*EXERCISE*: For the data below, restate word for word only the lines from the line containing "cover_num (Max (v" through the line containing "assms(2,3,6) by blast", both ends included.

(Items from a data source)
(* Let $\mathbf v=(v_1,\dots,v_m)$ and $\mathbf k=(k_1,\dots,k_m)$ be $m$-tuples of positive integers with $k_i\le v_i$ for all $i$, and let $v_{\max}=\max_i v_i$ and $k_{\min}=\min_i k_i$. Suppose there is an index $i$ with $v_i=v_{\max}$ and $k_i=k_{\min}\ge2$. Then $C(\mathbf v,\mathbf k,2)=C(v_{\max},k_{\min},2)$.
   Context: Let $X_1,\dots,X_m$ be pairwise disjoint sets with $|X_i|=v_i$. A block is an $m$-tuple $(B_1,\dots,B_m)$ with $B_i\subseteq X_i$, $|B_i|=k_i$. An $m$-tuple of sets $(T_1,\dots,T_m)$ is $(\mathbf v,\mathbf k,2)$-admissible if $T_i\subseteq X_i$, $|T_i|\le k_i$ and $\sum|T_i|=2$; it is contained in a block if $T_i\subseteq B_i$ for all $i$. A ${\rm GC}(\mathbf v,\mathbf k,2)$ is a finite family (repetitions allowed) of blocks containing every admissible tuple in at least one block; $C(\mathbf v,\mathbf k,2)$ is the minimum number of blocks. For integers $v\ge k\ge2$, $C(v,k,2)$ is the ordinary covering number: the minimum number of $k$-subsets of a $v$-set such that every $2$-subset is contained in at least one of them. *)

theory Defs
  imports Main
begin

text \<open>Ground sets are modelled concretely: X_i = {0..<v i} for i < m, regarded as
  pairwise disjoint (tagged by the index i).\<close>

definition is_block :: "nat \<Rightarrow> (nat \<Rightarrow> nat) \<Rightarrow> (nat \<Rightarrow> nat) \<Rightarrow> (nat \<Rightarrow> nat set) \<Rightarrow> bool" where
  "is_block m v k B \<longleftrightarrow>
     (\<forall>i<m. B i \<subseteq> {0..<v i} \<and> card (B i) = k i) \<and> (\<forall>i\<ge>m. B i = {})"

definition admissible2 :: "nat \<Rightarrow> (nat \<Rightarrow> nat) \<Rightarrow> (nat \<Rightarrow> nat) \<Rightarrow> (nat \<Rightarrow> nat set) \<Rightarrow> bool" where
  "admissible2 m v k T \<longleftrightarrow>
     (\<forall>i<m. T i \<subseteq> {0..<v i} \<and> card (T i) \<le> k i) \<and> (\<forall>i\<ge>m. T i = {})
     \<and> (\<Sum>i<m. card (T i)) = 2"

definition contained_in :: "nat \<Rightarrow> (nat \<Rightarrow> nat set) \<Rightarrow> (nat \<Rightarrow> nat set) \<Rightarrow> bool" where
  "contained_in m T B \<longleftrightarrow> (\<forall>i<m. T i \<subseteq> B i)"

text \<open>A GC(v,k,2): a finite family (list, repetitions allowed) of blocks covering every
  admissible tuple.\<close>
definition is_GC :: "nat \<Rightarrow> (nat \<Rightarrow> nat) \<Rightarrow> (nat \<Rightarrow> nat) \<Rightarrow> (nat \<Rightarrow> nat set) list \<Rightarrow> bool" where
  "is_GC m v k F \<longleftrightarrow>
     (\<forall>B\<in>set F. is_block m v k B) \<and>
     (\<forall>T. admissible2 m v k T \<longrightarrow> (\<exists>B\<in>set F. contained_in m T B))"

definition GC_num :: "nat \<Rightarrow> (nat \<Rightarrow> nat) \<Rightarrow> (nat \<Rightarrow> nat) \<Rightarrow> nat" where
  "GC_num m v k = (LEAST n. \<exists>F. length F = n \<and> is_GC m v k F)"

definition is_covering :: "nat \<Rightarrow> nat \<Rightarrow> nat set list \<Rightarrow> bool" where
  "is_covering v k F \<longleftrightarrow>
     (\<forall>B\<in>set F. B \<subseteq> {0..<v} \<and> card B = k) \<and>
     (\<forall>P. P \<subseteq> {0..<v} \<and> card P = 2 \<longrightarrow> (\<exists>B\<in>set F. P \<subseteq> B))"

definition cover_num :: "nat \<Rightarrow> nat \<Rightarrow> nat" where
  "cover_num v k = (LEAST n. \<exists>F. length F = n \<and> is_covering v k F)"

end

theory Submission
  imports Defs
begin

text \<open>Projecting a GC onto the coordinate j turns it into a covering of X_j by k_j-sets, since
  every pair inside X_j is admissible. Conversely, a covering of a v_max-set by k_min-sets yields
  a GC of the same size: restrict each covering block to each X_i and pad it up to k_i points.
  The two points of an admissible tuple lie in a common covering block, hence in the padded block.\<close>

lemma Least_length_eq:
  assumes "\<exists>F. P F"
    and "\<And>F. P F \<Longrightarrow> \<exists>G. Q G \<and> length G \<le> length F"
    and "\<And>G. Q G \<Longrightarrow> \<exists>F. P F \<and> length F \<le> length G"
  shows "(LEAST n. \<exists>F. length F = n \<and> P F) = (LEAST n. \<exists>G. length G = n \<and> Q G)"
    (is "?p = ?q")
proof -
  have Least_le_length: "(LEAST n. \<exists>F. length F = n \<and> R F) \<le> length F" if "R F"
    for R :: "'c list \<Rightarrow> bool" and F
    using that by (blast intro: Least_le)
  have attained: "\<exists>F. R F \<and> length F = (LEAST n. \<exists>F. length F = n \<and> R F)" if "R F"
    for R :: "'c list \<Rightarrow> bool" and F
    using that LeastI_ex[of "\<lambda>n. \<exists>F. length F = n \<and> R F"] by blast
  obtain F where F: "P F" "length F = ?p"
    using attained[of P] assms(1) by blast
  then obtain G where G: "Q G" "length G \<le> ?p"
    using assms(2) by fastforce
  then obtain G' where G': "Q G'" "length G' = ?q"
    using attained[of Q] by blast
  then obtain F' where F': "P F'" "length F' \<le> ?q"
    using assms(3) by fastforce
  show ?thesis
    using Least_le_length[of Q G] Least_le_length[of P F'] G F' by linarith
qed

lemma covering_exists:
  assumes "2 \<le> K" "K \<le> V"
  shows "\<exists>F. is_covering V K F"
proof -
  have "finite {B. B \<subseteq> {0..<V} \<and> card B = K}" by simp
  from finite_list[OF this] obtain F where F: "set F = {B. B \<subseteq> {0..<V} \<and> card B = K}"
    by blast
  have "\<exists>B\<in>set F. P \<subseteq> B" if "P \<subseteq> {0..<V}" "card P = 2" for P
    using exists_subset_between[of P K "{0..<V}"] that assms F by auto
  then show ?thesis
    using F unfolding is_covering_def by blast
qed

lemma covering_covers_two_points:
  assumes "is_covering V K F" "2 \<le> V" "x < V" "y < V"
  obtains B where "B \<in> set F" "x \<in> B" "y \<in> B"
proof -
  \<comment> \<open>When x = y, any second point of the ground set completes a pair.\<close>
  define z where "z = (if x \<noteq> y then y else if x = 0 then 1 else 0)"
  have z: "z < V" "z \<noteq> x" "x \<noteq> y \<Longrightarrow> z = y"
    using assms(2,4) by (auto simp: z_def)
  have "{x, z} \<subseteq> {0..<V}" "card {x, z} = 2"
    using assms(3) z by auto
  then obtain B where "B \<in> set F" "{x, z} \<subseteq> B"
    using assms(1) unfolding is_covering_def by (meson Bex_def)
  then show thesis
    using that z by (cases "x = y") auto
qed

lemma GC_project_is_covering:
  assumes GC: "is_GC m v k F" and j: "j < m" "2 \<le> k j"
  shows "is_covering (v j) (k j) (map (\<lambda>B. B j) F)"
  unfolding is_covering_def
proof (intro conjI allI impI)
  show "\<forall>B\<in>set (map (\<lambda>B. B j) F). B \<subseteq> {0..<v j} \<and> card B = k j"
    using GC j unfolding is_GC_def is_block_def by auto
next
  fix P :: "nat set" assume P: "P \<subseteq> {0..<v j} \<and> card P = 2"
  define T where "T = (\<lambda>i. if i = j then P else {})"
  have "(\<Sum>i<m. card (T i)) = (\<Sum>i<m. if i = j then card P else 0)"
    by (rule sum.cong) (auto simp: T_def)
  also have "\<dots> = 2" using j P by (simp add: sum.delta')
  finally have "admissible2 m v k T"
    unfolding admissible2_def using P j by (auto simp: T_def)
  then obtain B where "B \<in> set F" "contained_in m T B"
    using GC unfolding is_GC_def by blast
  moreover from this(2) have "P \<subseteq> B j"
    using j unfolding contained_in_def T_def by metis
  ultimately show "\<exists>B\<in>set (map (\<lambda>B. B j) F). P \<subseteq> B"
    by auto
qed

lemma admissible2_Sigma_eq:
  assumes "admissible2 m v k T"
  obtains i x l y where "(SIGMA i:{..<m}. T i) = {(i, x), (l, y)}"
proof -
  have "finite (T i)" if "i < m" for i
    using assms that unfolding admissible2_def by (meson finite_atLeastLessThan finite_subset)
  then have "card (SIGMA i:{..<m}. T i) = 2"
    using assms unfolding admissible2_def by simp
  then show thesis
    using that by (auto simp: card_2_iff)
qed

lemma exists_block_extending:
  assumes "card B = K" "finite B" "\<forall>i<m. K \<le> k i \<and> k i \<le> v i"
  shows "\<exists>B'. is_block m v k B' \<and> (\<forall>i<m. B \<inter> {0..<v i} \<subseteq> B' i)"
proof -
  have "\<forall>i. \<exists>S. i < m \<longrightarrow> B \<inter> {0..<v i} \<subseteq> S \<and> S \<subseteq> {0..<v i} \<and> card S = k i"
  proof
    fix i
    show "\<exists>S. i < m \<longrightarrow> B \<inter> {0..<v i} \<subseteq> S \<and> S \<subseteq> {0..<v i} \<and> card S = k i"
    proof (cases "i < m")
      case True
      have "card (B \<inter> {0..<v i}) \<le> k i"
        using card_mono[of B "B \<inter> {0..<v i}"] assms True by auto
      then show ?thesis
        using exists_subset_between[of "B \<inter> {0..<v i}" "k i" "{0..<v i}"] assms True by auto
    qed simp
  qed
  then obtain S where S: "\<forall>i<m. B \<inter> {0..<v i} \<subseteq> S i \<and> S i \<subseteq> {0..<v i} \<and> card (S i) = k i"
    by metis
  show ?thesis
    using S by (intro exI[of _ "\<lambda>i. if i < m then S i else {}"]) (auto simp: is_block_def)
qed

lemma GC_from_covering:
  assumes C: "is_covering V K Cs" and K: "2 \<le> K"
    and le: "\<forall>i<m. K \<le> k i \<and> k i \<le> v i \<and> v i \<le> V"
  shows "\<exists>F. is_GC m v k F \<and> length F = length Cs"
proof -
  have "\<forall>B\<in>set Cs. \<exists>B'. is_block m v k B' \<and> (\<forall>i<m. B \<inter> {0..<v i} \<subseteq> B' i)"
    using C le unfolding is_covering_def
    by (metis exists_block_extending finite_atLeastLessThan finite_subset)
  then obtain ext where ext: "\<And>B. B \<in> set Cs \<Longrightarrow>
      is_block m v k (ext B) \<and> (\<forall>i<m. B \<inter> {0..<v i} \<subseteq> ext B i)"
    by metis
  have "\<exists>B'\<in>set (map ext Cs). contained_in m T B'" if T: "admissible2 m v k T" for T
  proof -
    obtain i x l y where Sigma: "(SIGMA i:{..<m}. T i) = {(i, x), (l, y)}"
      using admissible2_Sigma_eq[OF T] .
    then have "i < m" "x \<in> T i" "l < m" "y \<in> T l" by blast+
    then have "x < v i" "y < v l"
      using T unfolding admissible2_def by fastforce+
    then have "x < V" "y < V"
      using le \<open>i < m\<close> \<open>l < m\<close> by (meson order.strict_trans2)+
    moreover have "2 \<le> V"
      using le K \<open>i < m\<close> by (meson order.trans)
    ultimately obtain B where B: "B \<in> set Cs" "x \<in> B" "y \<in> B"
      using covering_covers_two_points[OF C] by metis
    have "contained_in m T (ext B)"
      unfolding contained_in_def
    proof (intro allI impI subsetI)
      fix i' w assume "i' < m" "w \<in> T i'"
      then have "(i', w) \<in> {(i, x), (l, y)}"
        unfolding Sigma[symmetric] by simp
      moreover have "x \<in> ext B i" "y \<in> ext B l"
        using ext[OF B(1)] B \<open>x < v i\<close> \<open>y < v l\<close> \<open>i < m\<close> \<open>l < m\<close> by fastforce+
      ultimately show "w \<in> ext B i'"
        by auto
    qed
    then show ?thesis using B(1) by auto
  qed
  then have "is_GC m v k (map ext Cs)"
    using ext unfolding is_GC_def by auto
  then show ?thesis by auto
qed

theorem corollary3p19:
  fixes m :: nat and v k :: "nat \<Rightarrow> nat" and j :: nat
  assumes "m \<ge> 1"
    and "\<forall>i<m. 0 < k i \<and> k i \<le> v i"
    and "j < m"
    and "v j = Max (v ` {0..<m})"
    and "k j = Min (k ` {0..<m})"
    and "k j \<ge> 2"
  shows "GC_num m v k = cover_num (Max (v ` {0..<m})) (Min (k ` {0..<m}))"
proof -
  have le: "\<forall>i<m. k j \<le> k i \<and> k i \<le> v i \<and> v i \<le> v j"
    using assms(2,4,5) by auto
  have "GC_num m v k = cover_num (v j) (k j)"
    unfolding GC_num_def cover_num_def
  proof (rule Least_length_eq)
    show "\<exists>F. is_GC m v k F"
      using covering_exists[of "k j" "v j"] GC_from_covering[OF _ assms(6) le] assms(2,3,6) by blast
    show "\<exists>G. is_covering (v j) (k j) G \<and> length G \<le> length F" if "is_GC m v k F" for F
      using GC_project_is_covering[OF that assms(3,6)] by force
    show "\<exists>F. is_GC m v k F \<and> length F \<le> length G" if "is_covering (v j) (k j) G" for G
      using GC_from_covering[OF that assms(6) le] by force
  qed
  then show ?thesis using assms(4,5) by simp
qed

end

*RESPONSE FOR THIS EXERCISE*:
  shows "GC_num m v k = cover_num (Max (v ` {0..<m})) (Min (k ` {0..<m}))"
proof -
  have le: "\<forall>i<m. k j \<le> k i \<and> k i \<le> v i \<and> v i \<le> v j"
    using assms(2,4,5) by auto
  have "GC_num m v k = cover_num (v j) (k j)"
    unfolding GC_num_def cover_num_def
  proof (rule Least_length_eq)
    show "\<exists>F. is_GC m v k F"
      using covering_exists[of "k j" "v j"] GC_from_covering[OF _ assms(6) le] assms(2,3,6) by blast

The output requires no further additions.